Championship details
- Dates: 1 June — 18 September 2005
- Teams: 7

All-Ireland champions
- Winners: Cork (21st win)
- Captain: Elaine Burke
- Manager: Fiona O'Driscoll

All-Ireland runners-up
- Runners-up: Tipperary
- Captain: Philly Fogarty
- Manager: Paddy McCormack

Championship statistics
- Matches played: 22

= 2005 All-Ireland Senior Camogie Championship =

Camogie championship

The 2005 All-Ireland Senior Camogie Championship—known as the Foras na Gaeilge All-Ireland Senior Camogie Championship for sponsorship reasons—was the high point of the 2005 season in the sport of camogie. The championship was won for the 21st time by Cork who defeated Tipperary by a four-point margin in the final and became part of the legendary “rebel treble” of 2005 when Cork won the senior hurling, camogie and ladies’ football titles. The attendance was 14,350.

==New sponsors==
The championship was the first to take place under the sponsorship of Gala, who replaced Foras na Gaeilge as headline sponsors.

==Group stages==
Two goals in three second-half minutes saw Wexford through to the semi-final on August 20 when they beat Galway in Ballinasloe. The first goal came with seven minutes left from Ursula Jacob and they added two more through Kate Kelly and Una Leacy.

==Semi-finals==
Cork defeated Limerick by 27 points in the most one-sided semi-final for thirty years. Tipperary defeated Wexford by eight points to qualify for their seventh consecutive All-Ireland final.

==Final==
For a time it appeared that a lucky Tipperary goal three minutes before half-time seemed to have established the destiny of the final. Claire Grogan's speculative lob bounced in front of All Star goalkeeper Aoife Murray who took her eye off it momentarily to allow it through her legs, a huge set-back after Cork had battled back from a four-point deficit to trail by just a point.

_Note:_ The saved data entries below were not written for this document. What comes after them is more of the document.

(* Let $G\in\mathcal{V}_{\sigma\ell\mathbb{G}_u}$. Then the interpretation of the constant $1$ in $G$ is a weak unit of the $\ell$-group $G$, i.e. $1\ge0$ and for all $f\in G$, $f\wedge1=0$ implies $f=0$.
   Context: $\mathcal{V}_{\sigma\ell\mathbb{G}_u}$ is the infinitary variety of algebras $(G,0,+,-,\vee,\wedge,\bigvee^-,1)$, with $\bigvee^-$ of countably infinite arity ($\bigvee_{n\ge1}^g f_n:=\bigvee^-(g,f_1,f_2,\dots)$) and $1$ a constant, satisfying the $\ell$-group axioms, (A1) $\bigvee_{n\ge1}^g f_n=\bigvee_{n\ge1}^g(f_n\wedge g)$; (A2) $\bigvee_{n\ge1}^g f_n=(f_1\wedge g)\vee\bigvee^-(g,f_2,f_3,\dots)$; (A3) $\bigvee_{n\ge1}^g(f_n\wedge h)\le h$ ($a\le b$ meaning $a\wedge b=a$); and $\bigvee_{n\ge1}^{|f|}(|f|\wedge n1)=|f|$ for all $f$. *)

theory Defs
  imports Main
begin

text \<open>The countably infinitary operation is
  bv g f  =  bigvee(g, f 1, f 2, ...)   where the sequence f_1, f_2, ... is
represented by f 0, f 1, ... (index shift by one).\<close>

definition lgroup ::
  "'a \<Rightarrow> ('a \<Rightarrow> 'a \<Rightarrow> 'a) \<Rightarrow> ('a \<Rightarrow> 'a) \<Rightarrow> ('a \<Rightarrow> 'a \<Rightarrow> 'a) \<Rightarrow> ('a \<Rightarrow> 'a \<Rightarrow> 'a) \<Rightarrow> bool"
where
  "lgroup z pl ng jn mt \<longleftrightarrow>
     (\<forall>a b c. pl (pl a b) c = pl a (pl b c)) \<and>
     (\<forall>a b. pl a b = pl b a) \<and>
     (\<forall>a. pl z a = a) \<and>
     (\<forall>a. pl (ng a) a = z) \<and>
     (\<forall>a b. jn a b = jn b a) \<and> (\<forall>a b. mt a b = mt b a) \<and>
     (\<forall>a b c. jn (jn a b) c = jn a (jn b c)) \<and>
     (\<forall>a b c. mt (mt a b) c = mt a (mt b c)) \<and>
     (\<forall>a b. jn a (mt a b) = a) \<and> (\<forall>a b. mt a (jn a b) = a) \<and>
     (\<forall>a b c. pl a (jn b c) = jn (pl a b) (pl a c))"

definition lle :: "('a \<Rightarrow> 'a \<Rightarrow> 'a) \<Rightarrow> 'a \<Rightarrow> 'a \<Rightarrow> bool" where
  "lle mt a b \<longleftrightarrow> mt a b = a"

definition labs :: "('a \<Rightarrow> 'a) \<Rightarrow> ('a \<Rightarrow> 'a \<Rightarrow> 'a) \<Rightarrow> 'a \<Rightarrow> 'a" where
  "labs ng jn f = jn f (ng f)"

fun nmul :: "'a \<Rightarrow> ('a \<Rightarrow> 'a \<Rightarrow> 'a) \<Rightarrow> nat \<Rightarrow> 'a \<Rightarrow> 'a" where
  "nmul z pl 0 a = z"
| "nmul z pl (Suc n) a = pl (nmul z pl n a) a"

definition sigma_lgu ::
  "'a \<Rightarrow> ('a \<Rightarrow> 'a \<Rightarrow> 'a) \<Rightarrow> ('a \<Rightarrow> 'a) \<Rightarrow> ('a \<Rightarrow> 'a \<Rightarrow> 'a) \<Rightarrow> ('a \<Rightarrow> 'a \<Rightarrow> 'a)
   \<Rightarrow> ('a \<Rightarrow> (nat \<Rightarrow> 'a) \<Rightarrow> 'a) \<Rightarrow> 'a \<Rightarrow> bool"
where
  "sigma_lgu z pl ng jn mt bv one \<longleftrightarrow>
     lgroup z pl ng jn mt \<and>
     (\<forall>g f. bv g f = bv g (\<lambda>n. mt (f n) g)) \<and>
     (\<forall>g f. bv g f = jn (mt (f 0) g) (bv g (\<lambda>n. f (Suc n)))) \<and>
     (\<forall>g f h. lle mt (bv g (\<lambda>n. mt (f n) h)) h) \<and>
     (\<forall>f. bv (labs ng jn f) (\<lambda>n. mt (labs ng jn f) (nmul z pl (Suc n) one)) = labs ng jn f)"

end

theory Submission
  imports Defs
begin

text \<open>Let \<open>q = (-1) \<squnion> 0\<close>, the negative part of \<open>1\<close>. Since \<open>q\<close> is disjoint from the
positive part \<open>1\<^sup>+\<close>, it is disjoint from every multiple \<open>n1\<^sup>+ \<ge> n1\<close>, so all terms of the
supremum \<open>\<Or>\<^sup>q (q \<sqinter> n1) = q\<close> given by the last axiom lie below \<open>0\<close>; axiom (A3) then forces
\<open>q \<le> 0\<close>, i.e. \<open>1 \<ge> 0\<close>. If \<open>f \<sqinter> 1 = 0\<close>, then \<open>f \<ge> 0\<close> and, as \<open>1 \<ge> 0\<close>, \<open>f \<sqinter> n1 = 0\<close> for all \<open>n\<close>; the same
argument gives \<open>f = 0\<close>.\<close>

locale lattice_group =
  fixes z :: 'a and pl :: "'a \<Rightarrow> 'a \<Rightarrow> 'a" (infixl "\<oplus>" 65) and ng :: "'a \<Rightarrow> 'a"
    and jn :: "'a \<Rightarrow> 'a \<Rightarrow> 'a" (infixl "\<squnion>" 60) and mt :: "'a \<Rightarrow> 'a \<Rightarrow> 'a" (infixl "\<sqinter>" 61)
  assumes lgroup: "lgroup z pl ng jn mt"
begin

abbreviation le_lg :: "'a \<Rightarrow> 'a \<Rightarrow> bool" (infix "\<preceq>" 50) where
  "a \<preceq> b \<equiv> lle mt a b"

lemma
  shows lg_add_assoc: "(a \<oplus> b) \<oplus> c = a \<oplus> (b \<oplus> c)"
    and lg_add_commute: "a \<oplus> b = b \<oplus> a"
    and lg_zero_add: "z \<oplus> a = a"
    and lg_neg_add: "ng a \<oplus> a = z"
    and lg_join_commute: "a \<squnion> b = b \<squnion> a"
    and lg_meet_commute: "a \<sqinter> b = b \<sqinter> a"
    and lg_join_assoc: "(a \<squnion> b) \<squnion> c = a \<squnion> (b \<squnion> c)"
    and lg_meet_assoc: "(a \<sqinter> b) \<sqinter> c = a \<sqinter> (b \<sqinter> c)"
    and lg_join_meet_absorb: "a \<squnion> (a \<sqinter> b) = a"
    and lg_meet_join_absorb: "a \<sqinter> (a \<squnion> b) = a"
    and lg_add_join_distrib: "a \<oplus> (b \<squnion> c) = (a \<oplus> b) \<squnion> (a \<oplus> c)"
  using lgroup unfolding lgroup_def by auto

lemma lg_add_zero: "a \<oplus> z = a"
  by (metis lg_add_commute lg_zero_add)

lemma lg_add_neg: "a \<oplus> ng a = z"
  by (metis lg_add_commute lg_neg_add)

lemma lg_add_left_cancel: "c \<oplus> a = c \<oplus> b \<Longrightarrow> a = b"
  by (metis lg_add_assoc lg_zero_add lg_neg_add)

lemma lg_neg_neg: "ng (ng a) = a"
  by (metis lg_add_left_cancel lg_neg_add lg_add_neg)

lemma lg_neg_add_distrib: "ng (a \<oplus> b) = ng a \<oplus> ng b"
  by (metis lg_add_assoc lg_add_commute lg_add_left_cancel lg_add_zero lg_add_neg)

lemma lg_neg_zero: "ng z = z"
  by (metis lg_add_zero lg_neg_add)

lemma lg_meet_idem: "a \<sqinter> a = a"
  by (metis lg_join_meet_absorb lg_meet_join_absorb)

lemma lg_le_iff_join: "a \<preceq> b \<longleftrightarrow> a \<squnion> b = b"
  unfolding lle_def
  by (metis lg_join_commute lg_meet_commute lg_join_meet_absorb lg_meet_join_absorb)

lemma lg_le_refl: "a \<preceq> a"
  unfolding lle_def by (rule lg_meet_idem)

lemma lg_le_trans: "a \<preceq> b \<Longrightarrow> b \<preceq> c \<Longrightarrow> a \<preceq> c"
  unfolding lle_def by (metis lg_meet_assoc)

lemma lg_le_antisym: "a \<preceq> b \<Longrightarrow> b \<preceq> a \<Longrightarrow> a = b"
  unfolding lle_def by (metis lg_meet_commute)

lemma lg_meet_le1: "a \<sqinter> b \<preceq> a"
  unfolding lle_def by (metis lg_meet_commute lg_meet_assoc lg_meet_idem)

lemma lg_meet_le2: "a \<sqinter> b \<preceq> b"
  unfolding lle_def by (metis lg_meet_assoc lg_meet_idem)

lemma lg_meet_greatest: "c \<preceq> a \<Longrightarrow> c \<preceq> b \<Longrightarrow> c \<preceq> a \<sqinter> b"
  unfolding lle_def by (metis lg_meet_assoc)

lemma lg_join_ge1: "a \<preceq> a \<squnion> b"
  unfolding lg_le_iff_join by (metis lg_join_assoc lg_join_meet_absorb lg_meet_join_absorb)

lemma lg_join_ge2: "b \<preceq> a \<squnion> b"
  using lg_join_ge1 lg_join_commute by metis

lemma lg_join_least: "a \<preceq> c \<Longrightarrow> b \<preceq> c \<Longrightarrow> a \<squnion> b \<preceq> c"
  unfolding lg_le_iff_join by (metis lg_join_assoc)

lemma lg_add_left_mono: "a \<preceq> b \<Longrightarrow> c \<oplus> a \<preceq> c \<oplus> b"
  unfolding lg_le_iff_join by (metis lg_add_join_distrib)

lemma lg_add_right_mono: "a \<preceq> b \<Longrightarrow> a \<oplus> c \<preceq> b \<oplus> c"
  using lg_add_left_mono lg_add_commute by metis

lemma lg_add_mono: "a \<preceq> b \<Longrightarrow> c \<preceq> d \<Longrightarrow> a \<oplus> c \<preceq> b \<oplus> d"
  by (meson lg_le_trans lg_add_left_mono lg_add_right_mono)

lemma lg_add_nonneg: "z \<preceq> a \<Longrightarrow> z \<preceq> b \<Longrightarrow> z \<preceq> a \<oplus> b"
  using lg_add_mono lg_zero_add by metis

lemma lg_neg_antimono: "a \<preceq> b \<Longrightarrow> ng b \<preceq> ng a"
proof -
  assume "a \<preceq> b"
  then have "ng b \<oplus> ng a \<oplus> a \<preceq> ng b \<oplus> ng a \<oplus> b"
    by (rule lg_add_left_mono)
  then show ?thesis
    by (metis lg_add_assoc lg_add_commute lg_neg_add lg_add_zero)
qed

lemma lg_neg_join: "ng (a \<squnion> b) = ng a \<sqinter> ng b"
proof (rule lg_le_antisym)
  show "ng (a \<squnion> b) \<preceq> ng a \<sqinter> ng b"
    by (intro lg_meet_greatest lg_neg_antimono lg_join_ge1 lg_join_ge2)
  have "a \<squnion> b \<preceq> ng (ng a \<sqinter> ng b)"
    by (metis lg_join_least lg_neg_antimono lg_meet_le1 lg_meet_le2 lg_neg_neg)
  then show "ng a \<sqinter> ng b \<preceq> ng (a \<squnion> b)"
    by (metis lg_neg_antimono lg_neg_neg)
qed

lemma lg_add_meet_distrib: "a \<oplus> (b \<sqinter> c) = (a \<oplus> b) \<sqinter> (a \<oplus> c)"
proof -
  have "a \<oplus> (b \<sqinter> c) = ng (ng a \<oplus> (ng b \<squnion> ng c))"
    by (metis lg_neg_join lg_neg_neg lg_neg_add_distrib)
  also have "\<dots> = ng ((ng a \<oplus> ng b) \<squnion> (ng a \<oplus> ng c))"
    by (simp add: lg_add_join_distrib)
  also have "\<dots> = (a \<oplus> b) \<sqinter> (a \<oplus> c)"
    by (metis lg_neg_join lg_neg_add_distrib lg_neg_neg)
  finally show ?thesis .
qed

lemma lg_meet_add_le:
  assumes "z \<preceq> a" "z \<preceq> b" "z \<preceq> c"
  shows "c \<sqinter> (a \<oplus> b) \<preceq> (c \<sqinter> a) \<oplus> (c \<sqinter> b)"
proof -
  have expand: "(c \<sqinter> a) \<oplus> (c \<sqinter> b) = ((c \<oplus> c) \<sqinter> (c \<oplus> b)) \<sqinter> ((a \<oplus> c) \<sqinter> (a \<oplus> b))"
    by (metis lg_add_meet_distrib lg_add_commute)
  have "c \<preceq> c \<oplus> c" "c \<preceq> c \<oplus> b" "c \<preceq> a \<oplus> c"
    using lg_add_left_mono[OF assms(3), of c] lg_add_left_mono[OF assms(2), of c]
      lg_add_right_mono[OF assms(1), of c]
    by (simp_all add: lg_add_zero lg_zero_add)
  then have "c \<sqinter> (a \<oplus> b) \<preceq> ((c \<oplus> c) \<sqinter> (c \<oplus> b)) \<sqinter> ((a \<oplus> c) \<sqinter> (a \<oplus> b))"
    by (meson lg_le_trans lg_meet_greatest lg_meet_le1 lg_meet_le2)
  then show ?thesis
    by (simp add: expand)
qed

lemma lg_disjoint_add:
  assumes "z \<preceq> a" "z \<preceq> b" "z \<preceq> c" "c \<sqinter> a = z" "c \<sqinter> b = z"
  shows "c \<sqinter> (a \<oplus> b) = z"
proof (rule lg_le_antisym)
  show "c \<sqinter> (a \<oplus> b) \<preceq> z"
    using lg_meet_add_le[OF assms(1-3)] assms(4,5) lg_zero_add by metis
  show "z \<preceq> c \<sqinter> (a \<oplus> b)"
    using assms(1-3) lg_add_nonneg lg_meet_greatest by blast
qed

lemma lg_nmul_nonneg: "z \<preceq> a \<Longrightarrow> z \<preceq> nmul z pl n a"
  by (induction n) (simp_all add: lg_le_refl lg_add_nonneg)

lemma lg_nmul_mono: "a \<preceq> b \<Longrightarrow> nmul z pl n a \<preceq> nmul z pl n b"
  by (induction n) (simp_all add: lg_le_refl lg_add_mono)

lemma lg_disjoint_nmul:
  assumes "z \<preceq> a" "z \<preceq> c" "c \<sqinter> a = z"
  shows "c \<sqinter> nmul z pl n a = z"
proof (induction n)
  case 0
  then show ?case
    using assms(2) unfolding lle_def by (simp add: lg_meet_commute)
next
  case (Suc n)
  then show ?case
    using lg_disjoint_add[OF lg_nmul_nonneg[OF assms(1)] assms(1,2)] assms(3) by simp
qed

lemma lg_pos_part_neg_part_disjoint: "(a \<squnion> z) \<sqinter> (ng a \<squnion> z) = z"
proof -
  have neg_part: "ng (ng a \<squnion> z) = a \<sqinter> z"
    by (metis lg_neg_join lg_neg_neg lg_neg_zero)
  have riesz: "(a \<squnion> z) \<oplus> (a \<sqinter> z) = a"
  proof -
    have "a \<oplus> ng (a \<squnion> z) = a \<sqinter> z"
      by (metis lg_neg_join lg_neg_zero lg_add_meet_distrib lg_add_neg lg_add_zero lg_meet_commute)
    then show ?thesis
      by (metis lg_add_assoc lg_add_commute lg_neg_add lg_add_zero)
  qed
  have "((a \<squnion> z) \<sqinter> (ng a \<squnion> z)) \<oplus> ng (ng a \<squnion> z)
      = ((a \<squnion> z) \<oplus> ng (ng a \<squnion> z)) \<sqinter> ((ng a \<squnion> z) \<oplus> ng (ng a \<squnion> z))"
    by (metis lg_add_meet_distrib lg_add_commute)
  also have "\<dots> = a \<sqinter> z"
    by (simp only: lg_add_neg, simp only: neg_part riesz lg_add_zero lg_meet_commute)
  also have "\<dots> = z \<oplus> ng (ng a \<squnion> z)"
    by (simp add: neg_part lg_zero_add)
  finally show ?thesis
    by (metis lg_add_commute lg_add_left_cancel)
qed

lemma lg_labs_nonneg: "z \<preceq> a \<Longrightarrow> labs ng jn a = a"
proof -
  assume nonneg: "z \<preceq> a"
  then have "ng a \<preceq> a"
    using lg_neg_antimono lg_neg_zero lg_le_trans by metis
  then show ?thesis
    unfolding labs_def using lg_le_iff_join lg_join_commute by metis
qed

end

locale sigma_lgu_algebra = lattice_group +
  fixes bv :: "'a \<Rightarrow> (nat \<Rightarrow> 'a) \<Rightarrow> 'a" and one :: 'a
  assumes sigma_lgu: "sigma_lgu z pl ng jn mt bv one"
begin

lemma bv_meet_le: "bv g (\<lambda>n. f n \<sqinter> h) \<preceq> h"
  using sigma_lgu unfolding sigma_lgu_def by blast

lemma bv_unit_multiples: "bv (labs ng jn f) (\<lambda>n. labs ng jn f \<sqinter> nmul z pl (Suc n) one) = labs ng jn f"
  using sigma_lgu unfolding sigma_lgu_def by blast

lemma nonneg_eq_zero_if_meet_multiples_nonpos:
  assumes "z \<preceq> g" and "\<And>n. g \<sqinter> nmul z pl (Suc n) one \<preceq> z"
  shows "g = z"
proof -
  have "bv g (\<lambda>n. g \<sqinter> nmul z pl (Suc n) one) = g"
    using bv_unit_multiples[of g] lg_labs_nonneg[OF assms(1)] by simp
  moreover have "(\<lambda>n. g \<sqinter> nmul z pl (Suc n) one) = (\<lambda>n. (g \<sqinter> nmul z pl (Suc n) one) \<sqinter> z)"
    using assms(2) unfolding lle_def by simp
  ultimately have "g \<preceq> z"
    using bv_meet_le by metis
  then show ?thesis
    using assms(1) lg_le_antisym by blast
qed

lemma one_nonneg: "z \<preceq> one"
proof -
  define p where "p = one \<squnion> z"
  define q where "q = ng one \<squnion> z"
  have q_nonneg: "z \<preceq> q" and p_nonneg: "z \<preceq> p"
    unfolding p_def q_def by (simp_all add: lg_join_ge2)
  have "q \<sqinter> p = z"
    unfolding p_def q_def using lg_pos_part_neg_part_disjoint lg_meet_commute by metis
  then have disj: "q \<sqinter> nmul z pl n p = z" for n
    using lg_disjoint_nmul[OF p_nonneg q_nonneg] by blast
  have "q \<sqinter> nmul z pl (Suc n) one \<preceq> z" for n
  proof -
    have "nmul z pl (Suc n) one \<preceq> nmul z pl (Suc n) p"
      unfolding p_def by (intro lg_nmul_mono lg_join_ge1)
    then show ?thesis
      using disj[of "Suc n"] by (metis lg_le_trans lg_meet_greatest lg_meet_le1 lg_meet_le2)
  qed
  then have "q = z"
    by (rule nonneg_eq_zero_if_meet_multiples_nonpos[OF q_nonneg])
  then have "ng one \<preceq> z"
    using lg_join_ge1[of "ng one" z] by (simp add: q_def)
  then show ?thesis
    using lg_neg_antimono lg_neg_neg lg_neg_zero by metis
qed

lemma disjoint_one_eq_zero:
  assumes "f \<sqinter> one = z"
  shows "f = z"
proof -
  have f_nonneg: "z \<preceq> f"
    using lg_meet_le1[of f one] assms by simp
  have "f \<sqinter> nmul z pl (Suc n) one = z" for n
    using lg_disjoint_nmul[OF one_nonneg f_nonneg] assms by blast
  then have "f \<sqinter> nmul z pl (Suc n) one \<preceq> z" for n
    by (simp only: lg_le_refl)
  then show ?thesis
    by (rule nonneg_eq_zero_if_meet_multiples_nonpos[OF f_nonneg])
qed

end

theorem mainTheorem7:
  fixes z :: 'a and pl :: "'a \<Rightarrow> 'a \<Rightarrow> 'a" and ng :: "'a \<Rightarrow> 'a"
    and jn mt :: "'a \<Rightarrow> 'a \<Rightarrow> 'a" and bv :: "'a \<Rightarrow> (nat \<Rightarrow> 'a) \<Rightarrow> 'a" and one :: 'a
  assumes "sigma_lgu z pl ng jn mt bv one"
  shows "lle mt z one \<and> (\<forall>f. mt f one = z \<longrightarrow> f = z)"
proof -
  have "lgroup z pl ng jn mt"
    using assms unfolding sigma_lgu_def by blast
  then interpret sigma_lgu_algebra z pl ng jn mt bv one
    using assms by (intro sigma_lgu_algebra.intro lattice_group.intro sigma_lgu_algebra_axioms.intro)
  show ?thesis
    using one_nonneg disjoint_one_eq_zero by blast
qed

end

Tipperary looked destined to retain their title throughout the second half until Cork produced five late points, Cork manager John Cronin having switched the 18-year-old Briege Corkery and Gemma O'Connor to midfield in the second half to roll back the dominance of Philly Fogarty.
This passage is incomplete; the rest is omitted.